lemma card_collisions:
  assumes "2 \<le> n"
  shows "card (collisions n) = n"
proof -
  have "inj_on (\<lambda>i. collision_labelling n i Equiv) {..<n}"
  proof (rule inj_onI)
    fix i j assume i: "i \<in> {..<n}" and j: "j \<in> {..<n}"
      and eq: "collision_labelling n i Equiv = collision_labelling n j Equiv"
    have "collision_labelling n j Equiv ! i = Equiv"
      using nth_collision_labelling_Equiv_iff[of n i i Equiv] eq assms i by simp
    then show "i = j" using nth_collision_labelling_Equiv_iff[of n j i Equiv] assms i j by simp
  qed
  then show ?thesis by (simp add: collisions_def card_image)
qed


section \<open>Separating distinct labellings\<close>

definition separable :: "nat \<Rightarrow> comp list \<Rightarrow> comp list \<Rightarrow> bool" where
  "separable n L\<^sub>1 L\<^sub>2 \<longleftrightarrow> (\<exists>x\<in>configs n. \<exists>i<n. \<forall>y\<^sub>1 y\<^sub>2.
     labelled_update n L\<^sub>1 x y\<^sub>1 \<longrightarrow> labelled_update n L\<^sub>2 x y\<^sub>2 \<longrightarrow> y\<^sub>1 i \<noteq> y\<^sub>2 i)"

lemma separable_sym: "separable n L\<^sub>1 L\<^sub>2 \<Longrightarrow> separable n L\<^sub>2 L\<^sub>1"
  unfolding separable_def by metis

lemma dynamics_neqI:
  assumes "\<Delta>\<^sub>1 \<in> schedules n" "\<Delta>\<^sub>2 \<in> schedules n"
    and "separable n (update_labelling n \<Delta>\<^sub>1) (update_labelling n \<Delta>\<^sub>2)"
  shows "dynamics n \<Delta>\<^sub>1 \<noteq> dynamics n \<Delta>\<^sub>2"
  using assms labelled_update_sched_update unfolding separable_def dynamics_eq_iff by metis

definition single_zero :: "nat \<Rightarrow> nat \<Rightarrow> nat \<Rightarrow> bool" where
  "single_zero n i j \<longleftrightarrow> j < n \<and> j \<noteq> i"

lemma single_zero_configs: "single_zero n i \<in> configs n"
  by (simp add: single_zero_def configs_def)

lemma separable_Greater:
  assumes n: "2 \<le> n" and i: "i < n" and L\<^sub>1: "L\<^sub>1 ! i = Greater" and L\<^sub>2: "L\<^sub>2 ! i \<noteq> Greater"
  shows "separable n L\<^sub>1 L\<^sub>2"
  unfolding separable_def
proof (intro bexI[OF _ single_zero_configs] exI[of _ i] conjI allI impI i)
  fix y\<^sub>1 y\<^sub>2
  assume y\<^sub>1: "labelled_update n L\<^sub>1 (single_zero n i) y\<^sub>1" and y\<^sub>2: "labelled_update n L\<^sub>2 (single_zero n i) y\<^sub>2"
  have s: "cyc_succ n i < n" "cyc_succ n i \<noteq> i" using cyc_succ_lt[of n i] cyc_succ_neq[OF n i] i by auto
  have "\<not> y\<^sub>1 (cyc_succ n i)"
    using labelled_updateD[OF y\<^sub>1 s(1)] L\<^sub>1 i s by (simp add: single_zero_def r162_def)
  then have "\<not> y\<^sub>1 i"
    using labelled_updateD[OF y\<^sub>1 i] L\<^sub>1 by (simp add: r162_def)
  moreover have "y\<^sub>2 i"
    using labelled_updateD[OF y\<^sub>2 i] L\<^sub>2 s by (simp add: single_zero_def r162_def)
  ultimately show "y\<^sub>1 i \<noteq> y\<^sub>2 i" by simp
qed
(* Let $M:[0,\infty)\to\mathbb{R}$ be continuous and satisfy condition (M3) for some $\gamma>0$ (see context), and let $T\ge 0$. Define functions on $[T,\infty)$ by $q_1(t):=M(t)$, $Q_k(t):=-\int_t^\infty q_k(s)\,ds$ for $k\ge1$, and $q_k(t):=\sum_{j=1}^{k-1}Q_j(t)Q_{k-j}(t)$ for $k\ge 2$, and set $\phi(t):=-\int_t^\infty Q_2(s)\,ds$. Then $Q_2(t)\le 0$ for $t\ge T$, and for every integer $k\ge 2$ and every $t\ge T$, $$|Q_k(t)|\le 4^{k-1}\big(-Q_2(t)\big)\,\phi(t)^{\frac{k-2}{2}}.$$
   Context: Condition (M3) (with $\gamma>0$): $\big|\int_t^\infty M(s)\,ds\big|\lesssim(1+t)^{-\gamma}$, $\int_t^\infty\big(\int_s^\infty M(\sigma)\,d\sigma\big)^2ds\lesssim(1+t)^{-\gamma}$ for $t\ge 0$, and $\int_0^\infty\int_t^\infty\big(\int_s^\infty M(\sigma)\,d\sigma\big)^2\,ds\,dt<\infty$; here $f\lesssim g$ means $f\le Cg$ with $C$ independent of $t$. *)

theory Defs
  imports "HOL-Analysis.Analysis"
begin

text \<open>Tail integral \<open>\<integral>_t^\<infinity> f\<close>, as a Henstock--Kurzweil integral over \<open>{t..}\<close>
  (on an unbounded interval this is the improper integral \<open>lim_{b\<rightarrow>\<infinity>} \<integral>_t^b f\<close>).\<close>
definition tailint :: "(real \<Rightarrow> real) \<Rightarrow> real \<Rightarrow> real" where
  "tailint f t = integral {t..} f"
● ● ● ● ●
> _Task brief_
Extract the full listing above without altering anything.

> _Answer to this task_
lemma card_collisions:
  assumes "2 \<le> n"
  shows "card (collisions n) = n"
proof -
  have "inj_on (\<lambda>i. collision_labelling n i Equiv) {..<n}"
  proof (rule inj_onI)
    fix i j assume i: "i \<in> {..<n}" and j: "j \<in> {..<n}"
      and eq: "collision_labelling n i Equiv = collision_labelling n j Equiv"
    have "collision_labelling n j Equiv ! i = Equiv"
      using nth_collision_labelling_Equiv_iff[of n i i Equiv] eq assms i by simp
    then show "i = j" using nth_collision_labelling_Equiv_iff[of n j i Equiv] assms i j by simp
  qed
  then show ?thesis by (simp add: collisions_def card_image)
qed


section \<open>Separating distinct labellings\<close>

definition separable :: "nat \<Rightarrow> comp list \<Rightarrow> comp list \<Rightarrow> bool" where
  "separable n L\<^sub>1 L\<^sub>2 \<longleftrightarrow> (\<exists>x\<in>configs n. \<exists>i<n. \<forall>y\<^sub>1 y\<^sub>2.
     labelled_update n L\<^sub>1 x y\<^sub>1 \<longrightarrow> labelled_update n L\<^sub>2 x y\<^sub>2 \<longrightarrow> y\<^sub>1 i \<noteq> y\<^sub>2 i)"

lemma separable_sym: "separable n L\<^sub>1 L\<^sub>2 \<Longrightarrow> separable n L\<^sub>2 L\<^sub>1"
  unfolding separable_def by metis

lemma dynamics_neqI:
  assumes "\<Delta>\<^sub>1 \<in> schedules n" "\<Delta>\<^sub>2 \<in> schedules n"
    and "separable n (update_labelling n \<Delta>\<^sub>1) (update_labelling n \<Delta>\<^sub>2)"
  shows "dynamics n \<Delta>\<^sub>1 \<noteq> dynamics n \<Delta>\<^sub>2"
  using assms labelled_update_sched_update unfolding separable_def dynamics_eq_iff by metis

definition single_zero :: "nat \<Rightarrow> nat \<Rightarrow> nat \<Rightarrow> bool" where
  "single_zero n i j \<longleftrightarrow> j < n \<and> j \<noteq> i"

lemma single_zero_configs: "single_zero n i \<in> configs n"
  by (simp add: single_zero_def configs_def)

lemma separable_Greater:
  assumes n: "2 \<le> n" and i: "i < n" and L\<^sub>1: "L\<^sub>1 ! i = Greater" and L\<^sub>2: "L\<^sub>2 ! i \<noteq> Greater"
  shows "separable n L\<^sub>1 L\<^sub>2"
  unfolding separable_def
proof (intro bexI[OF _ single_zero_configs] exI[of _ i] conjI allI impI i)
  fix y\<^sub>1 y\<^sub>2
  assume y\<^sub>1: "labelled_update n L\<^sub>1 (single_zero n i) y\<^sub>1" and y\<^sub>2: "labelled_update n L\<^sub>2 (single_zero n i) y\<^sub>2"
  have s: "cyc_succ n i < n" "cyc_succ n i \<noteq> i" using cyc_succ_lt[of n i] cyc_succ_neq[OF n i] i by auto
  have "\<not> y\<^sub>1 (cyc_succ n i)"
    using labelled_updateD[OF y\<^sub>1 s(1)] L\<^sub>1 i s by (simp add: single_zero_def r162_def)
  then have "\<not> y\<^sub>1 i"
    using labelled_updateD[OF y\<^sub>1 i] L\<^sub>1 by (simp add: r162_def)
  moreover have "y\<^sub>2 i"
    using labelled_updateD[OF y\<^sub>2 i] L\<^sub>2 s by (simp add: single_zero_def r162_def)
  ultimately show "y\<^sub>1 i \<noteq> y\<^sub>2 i" by simp
qed
(* Let $M:[0,\infty)\to\mathbb{R}$ be continuous and satisfy condition (M3) for some $\gamma>0$ (see context), and let $T\ge 0$. Define functions on $[T,\infty)$ by $q_1(t):=M(t)$, $Q_k(t):=-\int_t^\infty q_k(s)\,ds$ for $k\ge1$, and $q_k(t):=\sum_{j=1}^{k-1}Q_j(t)Q_{k-j}(t)$ for $k\ge 2$, and set $\phi(t):=-\int_t^\infty Q_2(s)\,ds$. Then $Q_2(t)\le 0$ for $t\ge T$, and for every integer $k\ge 2$ and every $t\ge T$, $$|Q_k(t)|\le 4^{k-1}\big(-Q_2(t)\big)\,\phi(t)^{\frac{k-2}{2}}.$$
   Context: Condition (M3) (with $\gamma>0$): $\big|\int_t^\infty M(s)\,ds\big|\lesssim(1+t)^{-\gamma}$, $\int_t^\infty\big(\int_s^\infty M(\sigma)\,d\sigma\big)^2ds\lesssim(1+t)^{-\gamma}$ for $t\ge 0$, and $\int_0^\infty\int_t^\infty\big(\int_s^\infty M(\sigma)\,d\sigma\big)^2\,ds\,dt<\infty$; here $f\lesssim g$ means $f\le Cg$ with $C$ independent of $t$. *)

theory Defs
  imports "HOL-Analysis.Analysis"
begin

text \<open>Tail integral \<open>\<integral>_t^\<infinity> f\<close>, as a Henstock--Kurzweil integral over \<open>{t..}\<close>
  (on an unbounded interval this is the improper integral \<open>lim_{b\<rightarrow>\<infinity>} \<integral>_t^b f\<close>).\<close>
definition tailint :: "(real \<Rightarrow> real) \<Rightarrow> real \<Rightarrow> real" where
  "tailint f t = integral {t..} f"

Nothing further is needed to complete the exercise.